Kiefer’s innovative approach to crop production is just one of the reasons he was selected as the 2011 Professional Farm Manager of the Year, his industry’s highest honor, which also recognizes dedication to clients and protection of the land.
“Syngenta recognizes the value professional farm managers bring to agriculture. As we move forward and have to grow more with less, farm managers will continue to lead with technology, with genetics and in land stewardship,” said Brent Rockers, district manager, Syngenta. “These are all important to the future of agriculture, and Syngenta would like to recognize farm managers as leading that role in the future.”
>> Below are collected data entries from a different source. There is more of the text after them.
definition is_fo_view ::
  "('r \<Rightarrow> nat) \<Rightarrow> 'r set \<Rightarrow> ('s \<Rightarrow> nat) \<Rightarrow> 's set \<Rightarrow> ('s \<Rightarrow> ('r, 'u) fo) \<Rightarrow> bool" where
  "is_fo_view ar S ar' S' \<Phi> \<longleftrightarrow> is_schema S' \<and>
     (\<forall>R \<in> S'. fo_wf ar S (\<Phi> R) \<and> fo_free (\<Phi> R) \<subseteq> {..<ar' R})"

definition apply_view ::
  "('s \<Rightarrow> nat) \<Rightarrow> 's set \<Rightarrow> ('s \<Rightarrow> ('r, 'u) fo) \<Rightarrow> ('r, 'u) inst \<Rightarrow> ('s, 'u) inst" where
  "apply_view ar' S' \<Phi> D = {(R, as). R \<in> S' \<and> length as = ar' R \<and>
       set as \<subseteq> adom D \<union> fo_consts (\<Phi> R) \<and> adom_sat D (\<Phi> R) as}"

definition image_pdb ::
  "('s \<Rightarrow> nat) \<Rightarrow> 's set \<Rightarrow> ('s \<Rightarrow> ('r, 'u) fo) \<Rightarrow> ('r, 'u) inst pmf \<Rightarrow> ('s, 'u) inst pmf" where
  "image_pdb ar' S' \<Phi> P = map_pmf (apply_view ar' S' \<Phi>) P"

end

theory Submission
  imports Defs
begin

text \<open>All facts of \<open>\<Phi>(D)\<close> are tuples over \<open>adom(D)\<close> and the finitely many constants
of \<open>\<Phi>\<close>, and \<open>|adom(D)|\<close> grows at most linearly in \<open>|D|\<close>. Hence \<open>|\<Phi>(D)|\<close> is bounded by
a polynomial in \<open>|D|\<close>, so every moment of \<open>|\<Phi>(D)|\<close> is dominated by a combination of
moments of \<open>|D|\<close>.\<close>

lemma summable_on_set_pmf_iff_integrable:
  fixes f :: "'a \<Rightarrow> real"
  shows "(\<lambda>x. f x * pmf p x) summable_on set_pmf p \<longleftrightarrow> integrable (measure_pmf p) f"
proof -
  have "(\<lambda>x. f x * pmf p x) summable_on set_pmf p \<longleftrightarrow>
      Infinite_Sum.abs_summable_on (\<lambda>x. f x * pmf p x) (set_pmf p)"
    by (rule summable_on_iff_abs_summable_on_real)
  also have "\<dots> \<longleftrightarrow> Infinite_Set_Sum.abs_summable_on (\<lambda>x. f x * pmf p x) (set_pmf p)"
    by (rule abs_summable_equivalent)
  also have "\<dots> \<longleftrightarrow> Infinite_Set_Sum.abs_summable_on (\<lambda>x. f x * pmf p x) UNIV"
    by (rule abs_summable_on_cong_neutral) (simp_all add: set_pmf_iff)
  also have "\<dots> \<longleftrightarrow> integrable (count_space UNIV) (\<lambda>x. pmf p x *\<^sub>R f x)"
    unfolding abs_summable_on_def by (simp only: real_scaleR_def mult.commute)
  also have "\<dots> \<longleftrightarrow> integrable (density (count_space UNIV) (pmf p)) f"
    by (rule integrable_density[symmetric]) auto
  also have "\<dots> \<longleftrightarrow> integrable (measure_pmf p) f"
    by (simp only: measure_pmf_eq_density)
  finally show ?thesis .
qed

lemma finite_moments_iff_integrable:
  "finite_moments P \<longleftrightarrow> (\<forall>k. integrable (measure_pmf P) (\<lambda>D. real (card D) ^ k))"
  unfolding finite_moments_def summable_on_set_pmf_iff_integrable
proof (intro iffI allI impI)
  fix k :: nat
  assume "\<forall>k>0. integrable (measure_pmf P) (\<lambda>D. real (card D) ^ k)"
  then show "integrable (measure_pmf P) (\<lambda>D. real (card D) ^ k)"
    by (cases "k = 0") simp_all
qed simp

lemma power_add_one_le: "((n::nat) + 1) ^ j \<le> 2 ^ j * (n ^ j + 1)"
proof (cases "n = 0")
  case False
  then have "(n + 1) ^ j \<le> (2 * n) ^ j"
    by (intro power_mono) auto
  then show ?thesis
    by (simp add: power_mult_distrib)
qed (simp add: trans_le_add1)

lemma integrable_moments_if_poly_bounded:
  fixes f g :: "'a \<Rightarrow> nat"
  assumes moments: "\<And>k. integrable (measure_pmf p) (\<lambda>x. real (f x) ^ k)"
    and bounded: "\<And>x. x \<in> set_pmf p \<Longrightarrow> g x \<le> c * (f x + 1) ^ d"
  shows "integrable (measure_pmf p) (\<lambda>x. real (g x) ^ k)"
proof (rule Bochner_Integration.integrable_bound)
  define h where "h x = real (c ^ k * 2 ^ (d * k)) * (real (f x) ^ (d * k) + 1)" for x
  show "integrable (measure_pmf p) h"
    unfolding h_def by (intro integrable_mult_right Bochner_Integration.integrable_add
        moments measure_pmf.integrable_const)
  have nat_bound: "g x ^ k \<le> c ^ k * 2 ^ (d * k) * (f x ^ (d * k) + 1)"
    if "x \<in> set_pmf p" for x
  proof -
    have "g x ^ k \<le> (c * (f x + 1) ^ d) ^ k"
      using bounded[OF that] by (rule power_mono) simp
    also have "\<dots> = c ^ k * (f x + 1) ^ (d * k)"
      by (simp only: power_mult_distrib power_mult)
    also have "\<dots> \<le> c ^ k * (2 ^ (d * k) * (f x ^ (d * k) + 1))"
      by (rule mult_le_mono2) (rule power_add_one_le)
    finally show ?thesis
      by (simp only: mult.assoc)
  qed
  have "norm (real (g x) ^ k) \<le> norm (h x)" if "x \<in> set_pmf p" for x
  proof -
    have "real (g x ^ k) \<le> real (c ^ k * 2 ^ (d * k) * (f x ^ (d * k) + 1))"
      using nat_bound[OF that] by (rule of_nat_mono)
    then show ?thesis
      by (simp add: h_def algebra_simps)
  qed
  then show "AE x in measure_pmf p. norm (real (g x) ^ k) \<le> norm (h x)"
    by (simp add: AE_measure_pmf_iff)
qed simp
“Ed is a tremendous asset for our company,” said Loyd Brown, president, Hertz Farm Management, Inc. “One of the foundations of Ed’s success is he is very sincere and personable. He is always doing things in the best interest of his clients.”
Kiefer said he is humbled and honored and couldn’t have done it without his family’s support, particularly his wife Barb, who also grew up on a family farm. “She is one of the major reasons I am standing here today,” said Kiefer.
Kiefer was presented with the award at the American Society of Farm Managers and Rural Appraisers (ASFMRA) 82nd annual convention and tradeshow, held Oct. 24-28 in Phoenix, Ariz.
To honor Kiefer for this achievement, Syngenta made a $500 donation in his name to Iowa State University to fund a scholarship for a student majoring in Agricultural Business and another $500 donation to the University of Illinois to fund a scholarship for a student majoring in Agronomy.
“I would like to thank Syngenta, AgProfessional magazine and The American Society of Farm Managers and Rural Appraisers for the 2011 Professional Farm Manager of the Year award,” said Kiefer. “Not only does it recognize my 36 years in the professional farm management industry, but also the things I do on a day-to-day basis for my clients, farm operators and for agriculture.”